> Saved entries:

BEGIN

lemma contains_1423_cyc_iff:
  assumes "distinct t"
  shows "contains_1423 (cyc t) \<longleftrightarrow> \<not> avoids_1423_cyc t"
proof -
  have "contains_1423 (cyc t) \<longleftrightarrow> (\<exists>k<length t. has_1423_at 0 (rotate k t))"
  proof
    assume "contains_1423 (cyc t)"
    then obtain k i where ki: "has_1423_at i (rotate k t)"
      by (auto simp: contains_1423_def cyc_def contains_1423_lin_iff)
    then have "has_1423_at 0 (rotate (i + k) t)"
      using has_1423_at_rotate[OF ki] by (simp add: rotate_rotate)
    moreover have "t \<noteq> []" using ki by (auto simp: has_1423_at_def)
    ultimately show "\<exists>k<length t. has_1423_at 0 (rotate k t)"
      by (intro exI[of _ "(i + k) mod length t"]) (simp add: rotate_conv_mod[symmetric])
  qed (auto simp: contains_1423_def cyc_def contains_1423_lin_iff)
  also have "\<dots> \<longleftrightarrow> (\<exists>k<length t. \<not> no_1423_at (t ! k) (cyc_after t (t ! k)))"
  proof -
    have "has_1423_at 0 (rotate k t) \<longleftrightarrow> \<not> no_1423_at (t ! k) (cyc_after t (t ! k))"
      if "k < length t" for k
      using has_1423_at_0_Cons_iff rotate_eq_Cons_cyc_after[OF assms that] distinct_rotate[of k t] assms
      by simp
    then show ?thesis by blast
  qed
  also have "\<dots> \<longleftrightarrow> \<not> avoids_1423_cyc t"
    by (simp add: avoids_1423_cyc_def all_set_conv_all_nth)
  finally show ?thesis .
qed

section \<open>Inserting a new maximum\<close>

definition active :: "'a::linorder list \<Rightarrow> 'a \<Rightarrow> bool" where
  "active t x \<longleftrightarrow> sorted_wrt (>) (filter (\<lambda>z. x < z) (cyc_after t x))"

definition active_sites :: "'a::linorder list \<Rightarrow> 'a set" where
  "active_sites t = {x \<in> set t. active t x}"

lemma finite_active_sites [simp]: "finite (active_sites t)"
  by (simp add: active_sites_def)

lemma active_imp_no_1423_at: "active t x \<Longrightarrow> no_1423_at x (cyc_after t x)"
  using sorted_wrt_filter[of "(>)" "filter (\<lambda>z. x < z) (cyc_after t x)" "\<lambda>z. z < hd (cyc_after t x)"]
  by (simp add: active_def no_1423_at_def filter_filter conj_commute)

locale max_insertion =
  fixes p :: "'a::linorder list" and x N :: 'a
  assumes distinct_p: "distinct p" and x_in_p: "x \<in> set p" and less_N: "\<And>z. z \<in> set p \<Longrightarrow> z < N"
begin

lemma N_notin_p: "N \<notin> set p"
  using less_N by blast

lemma ins_after_split:
  obtains u v where "p = u @ x # v" "ins_after x N p = u @ x # N # v"
proof -
  obtain u v where p: "p = u @ x # v" using split_list[OF x_in_p] by blast
  with distinct_p have "x \<notin> set u" "x \<notin> set v" by auto
  with p that show ?thesis by simp
qed

lemma distinct_ins_after: "distinct (ins_after x N p)"
  by (rule ins_after_split) (use distinct_p N_notin_p in auto)

lemma set_ins_after: "set (ins_after x N p) = insert N (set p)"
  by (rule ins_after_split) auto

lemma cyc_after_ins_after_other:
  assumes "a \<in> set p" "a \<noteq> x"
  shows "cyc_after (ins_after x N p) a = ins_after x N (cyc_after p a)"
proof -
  obtain u v where p: "p = u @ a # v" using split_list[OF assms(1)] by blast
  with distinct_p have "a \<notin> set u" by simp
  moreover have "set (ins_after x N u) \<subseteq> insert N (set u)" by (induction u) auto
  ultimately have "a \<notin> set (ins_after x N u)" using N_notin_p assms by auto
  with p assms \<open>a \<notin> set u\<close> show ?thesis by (simp add: cyc_after_split)
qed

lemma cyc_after_ins_after_x: "cyc_after (ins_after x N p) x = N # cyc_after p x"
proof (rule ins_after_split)
  fix u v assume "p = u @ x # v" "ins_after x N p = u @ x # N # v"
  with distinct_p show ?thesis by (simp add: cyc_after_split)
qed

lemma cyc_after_ins_after_N: "cyc_after (ins_after x N p) N = cyc_after p x @ [x]"
proof (rule ins_after_split)
  fix u v assume uv: "p = u @ x # v" "ins_after x N p = u @ x # N # v"
  with N_notin_p have "N \<notin> set (u @ [x])" by auto
  with uv distinct_p show ?thesis
    using cyc_after_split[of N "u @ [x]" v] by (simp add: cyc_after_split)
qed

lemma less_N_cyc_after: "a \<in> set p \<Longrightarrow> z \<in> set (cyc_after p a) \<Longrightarrow> z < N"
  using set_cyc_after[OF distinct_p] less_N by blast

lemma cyc_after_ins_after_split:
  assumes "y \<in> set p" "y \<noteq> x"
  obtains s1 s2 where "cyc_after p y = s1 @ x # s2" "cyc_after (ins_after x N p) y = s1 @ x # N # s2"
proof -
  have "x \<in> set (cyc_after p y)" using set_cyc_after[OF distinct_p] assms x_in_p by auto
  then obtain s1 s2 where s: "cyc_after p y = s1 @ x # s2" using split_list by metis
  moreover have "x \<notin> set s1" "x \<notin> set s2" using distinct_cyc_after[OF distinct_p assms(1)] s by auto
  ultimately show ?thesis using that cyc_after_ins_after_other[OF assms] by simp
qed

lemma no_1423_at_N: "no_1423_at N (cyc_after (ins_after x N p) N)"
  using less_N_cyc_after[OF x_in_p] less_N[OF x_in_p] hd_in_set[of "cyc_after p x"]
  by (auto simp: no_1423_at_def cyc_after_ins_after_N hd_append less_imp_not_less)

lemma no_1423_at_x_iff: "no_1423_at x (cyc_after (ins_after x N p) x) \<longleftrightarrow> active p x"
proof -
  have "filter (\<lambda>z. x < z \<and> z < N) (cyc_after p x) = filter (\<lambda>z. x < z) (cyc_after p x)"
    using less_N_cyc_after[OF x_in_p] by (intro filter_cong) auto
  with less_N[OF x_in_p] show ?thesis
    by (simp add: no_1423_at_def active_def cyc_after_ins_after_x)
qed

lemma no_1423_at_other_iff:
  assumes "a \<in> set p" "a \<noteq> x"
  shows "no_1423_at a (cyc_after (ins_after x N p) a) \<longleftrightarrow> no_1423_at a (cyc_after p a)"
proof (cases "cyc_after p a = []")
  case False
  then have "hd (cyc_after p a) < N" using less_N_cyc_after[OF assms(1)] hd_in_set by blast
  then have "filter (\<lambda>z. a < z \<and> z < hd (cyc_after p a)) (ins_after x N (cyc_after p a)) =
      filter (\<lambda>z. a < z \<and> z < hd (cyc_after p a)) (cyc_after p a)"
    by (intro filter_ins_after) (simp add: not_less less_imp_le)
  with False show ?thesis
    by (simp add: no_1423_at_def cyc_after_ins_after_other[OF assms] hd_ins_after)
qed (simp add: cyc_after_ins_after_other[OF assms])

lemma avoids_1423_cyc_ins_after_iff:
  "avoids_1423_cyc (ins_after x N p) \<longleftrightarrow> avoids_1423_cyc p \<and> active p x"
  using no_1423_at_N no_1423_at_x_iff no_1423_at_other_iff active_imp_no_1423_at x_in_p
  unfolding avoids_1423_cyc_def set_ins_after by auto

lemma active_ins_after_N: "active (ins_after x N p) N"
  using less_N_cyc_after[OF x_in_p] less_N[OF x_in_p]
  by (auto simp: active_def cyc_after_ins_after_N filter_empty_conv less_imp_not_less)

lemma active_ins_after_x:
  assumes "active p x"
  shows "active (ins_after x N p) x"
proof -
  have "filter (\<lambda>z. x < z) (cyc_after (ins_after x N p) x) = N # filter (\<lambda>z. x < z) (cyc_after p x)"
    using less_N[OF x_in_p] by (simp add: cyc_after_ins_after_x)
  with assms less_N_cyc_after[OF x_in_p] show ?thesis by (simp add: active_def)
qed

lemma not_active_ins_after_below:
  assumes "y \<in> set p" "y < x"
  shows "\<not> active (ins_after x N p) y"
proof (rule cyc_after_ins_after_split)
  fix s1 s2 assume "cyc_after (ins_after x N p) y = s1 @ x # N # s2"
  moreover have "x < N" using less_N[OF x_in_p] .
  ultimately have "filter (\<lambda>z. y < z) (cyc_after (ins_after x N p) y) =
      filter (\<lambda>z. y < z) s1 @ x # N # filter (\<lambda>z. y < z) s2"
    using assms(2) by simp
  with \<open>x < N\<close> show ?thesis by (auto simp: active_def sorted_wrt_append less_imp_not_less)
qed (use assms in auto)

lemma active_ins_after_above:
  assumes "active p x" "y \<in> set p" "x < y" "active p y"
  shows "active (ins_after x N p) y"
proof (rule cyc_after_ins_after_split)
  fix s1 s2 assume s: "cyc_after p y = s1 @ x # s2" "cyc_after (ins_after x N p) y = s1 @ x # N # s2"
  have "cyc_after p x = s2 @ y # s1" using cyc_after_swap[OF distinct_p assms(2) s(1)] .
  \<comment> \<open>y precedes s1 in the continuation of x, so activity of x keeps s1 below y.\<close>
  with assms(1,3) have "filter (\<lambda>z. y < z) s1 = []"
    by (auto simp: active_def sorted_wrt_append filter_empty_conv)
  moreover have "\<forall>z\<in>set s2. z < N" using less_N_cyc_after[OF assms(2)] s(1) by auto
  moreover have "sorted_wrt (>) (filter (\<lambda>z. y < z) s2)"
    using assms(3,4) s(1) by (simp add: active_def sorted_wrt_append less_not_sym[OF assms(3)])
  ultimately have "filter (\<lambda>z. y < z) (cyc_after (ins_after x N p) y) = N # filter (\<lambda>z. y < z) s2"
    using s(2) assms(3) less_N[OF assms(2)] by simp
  with \<open>sorted_wrt (>) (filter (\<lambda>z. y < z) s2)\<close> \<open>\<forall>z\<in>set s2. z < N\<close> show ?thesis
    by (simp add: active_def)
qed (use assms in auto)

lemma active_of_active_ins_after:
  assumes "y \<in> set p" "y \<noteq> x" "active (ins_after x N p) y"
  shows "active p y"
proof -
  have "filter (\<lambda>z. z \<noteq> N) (filter (\<lambda>z. y < z) (ins_after x N (cyc_after p y))) =
      filter (\<lambda>z. y < z) (cyc_after p y)"
    using less_N_cyc_after[OF assms(1)]
    by (auto simp: filter_filter filter_ins_after intro!: filter_cong)
  with assms show ?thesis
    using sorted_wrt_filter[of "(>)" _ "\<lambda>z. z \<noteq> N"]
    by (metis active_def cyc_after_ins_after_other)
qed

lemma active_sites_ins_after:
  assumes "active p x"
  shows "active_sites (ins_after x N p) = insert N {y \<in> active_sites p. x \<le> y}"
  using assms active_ins_after_N active_ins_after_x not_active_ins_after_below
    active_ins_after_above active_of_active_ins_after x_in_p
  unfolding active_sites_def set_ins_after
  by (auto simp: le_less) (metis linorder_neqE)

lemma card_active_sites_ins_after:
  assumes "active p x"
  shows "card (active_sites (ins_after x N p)) = Suc (card {y \<in> active_sites p. x \<le> y})"
  using active_sites_ins_after[OF assms] N_notin_p by (simp add: active_sites_def)

end

section \<open>The generating tree\<close>

lemma removeAll_ins_after: "N \<notin> set p \<Longrightarrow> removeAll N (ins_after x N p) = p"
  by (induction p) auto

lemma ins_after_last_cyc_after_removeAll:
  assumes "distinct q" "N \<in> set q" "hd q \<noteq> N"
  shows "ins_after (last (cyc_after q N)) N (removeAll N q) = q"
proof -
  obtain w v where q: "q = w @ N # v" using split_list[OF assms(2)] by blast
  with assms(3) obtain u x where w: "w = u @ [x]" by (cases w rule: rev_cases) auto
  with q assms(1) have "cyc_after q N = v @ u @ [x]" "removeAll N q = u @ x # v"
    using cyc_after_split[of N "u @ [x]" v] by auto
  with q w assms(1) show ?thesis by simp
qed

definition rooted_avoiders :: "nat \<Rightarrow> nat list set" where
  "rooted_avoiders n = {t \<in> perms n. hd t = 1 \<and> avoids_1423_cyc t}"

lemma finite_perms: "finite (perms n)"
proof (rule finite_subset)
  show "perms n \<subseteq> {xs. set xs \<subseteq> {1..n} \<and> length xs = n}"
    by (auto simp: perms_def dest: distinct_card)
qed (rule finite_lists_length_eq, simp)

lemma finite_rooted_avoiders: "finite (rooted_avoiders n)"
  using finite_perms by (simp add: rooted_avoiders_def)

lemma max_insertion_perms: "p \<in> perms n \<Longrightarrow> x \<in> set p \<Longrightarrow> max_insertion p x (Suc n)"
  by unfold_locales (auto simp: perms_def)

lemma ins_after_in_perms: "p \<in> perms n \<Longrightarrow> x \<in> set p \<Longrightarrow> ins_after x (Suc n) p \<in> perms (Suc n)"
  using max_insertion.distinct_ins_after max_insertion.set_ins_after max_insertion_perms
  by (fastforce simp: perms_def atLeastAtMostSuc_conv)

lemma ins_after_in_rooted_avoiders_iff:
  assumes "p \<in> perms n" "x \<in> set p"
  shows "ins_after x (Suc n) p \<in> rooted_avoiders (Suc n) \<longleftrightarrow>
    p \<in> rooted_avoiders n \<and> x \<in> active_sites p"
proof -
  have "hd (ins_after x (Suc n) p) = hd p" using assms(2) by (auto intro: hd_ins_after)
  with assms show ?thesis
    using ins_after_in_perms max_insertion.avoids_1423_cyc_ins_after_iff[OF max_insertion_perms]
    by (auto simp: rooted_avoiders_def active_sites_def)
qed

lemma ins_after_last_cyc_after_rooted_avoiders:
  assumes "n \<ge> 1" "q \<in> rooted_avoiders (Suc n)"
  shows "ins_after (last (cyc_after q (Suc n))) (Suc n) (removeAll (Suc n) q) = q"
  using assms by (auto simp: rooted_avoiders_def perms_def intro: ins_after_last_cyc_after_removeAll)

lemma parent_in_rooted_avoiders:
  assumes "n \<ge> 1" "q \<in> rooted_avoiders (Suc n)"
  defines "p \<equiv> removeAll (Suc n) q" and "x \<equiv> last (cyc_after q (Suc n))"
  shows "p \<in> rooted_avoiders n \<and> x \<in> active_sites p"
proof -
  have p: "p \<in> perms n"
    using assms(2) by (auto simp: p_def rooted_avoiders_def perms_def atLeastAtMostSuc_conv distinct_removeAll)
  have q_eq: "q = ins_after x (Suc n) p"
    using ins_after_last_cyc_after_rooted_avoiders[OF assms(1,2)] by (simp add: p_def x_def)
  have x: "x \<in> set p"
  proof (rule ccontr)
    assume "x \<notin> set p"
    then have "q = p" using q_eq by simp
    moreover have "Suc n \<in> set q" using assms(2) by (simp add: rooted_avoiders_def perms_def)
    moreover have "Suc n \<notin> set p" using p by (simp add: perms_def)
    ultimately show False by simp
  qed
  show ?thesis using assms(2) q_eq ins_after_in_rooted_avoiders_iff[OF p x] by simp
qed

END

> Exercise objective:
Search the lines above for the string "dots" and copy each line that has it.

> Written answer:
  also have "\<dots> \<longleftrightarrow> (\<exists>k<length t. \<not> no_1423_at (t ! k) (cyc_after t (t ! k)))"
  also have "\<dots> \<longleftrightarrow> \<not> avoids_1423_cyc t"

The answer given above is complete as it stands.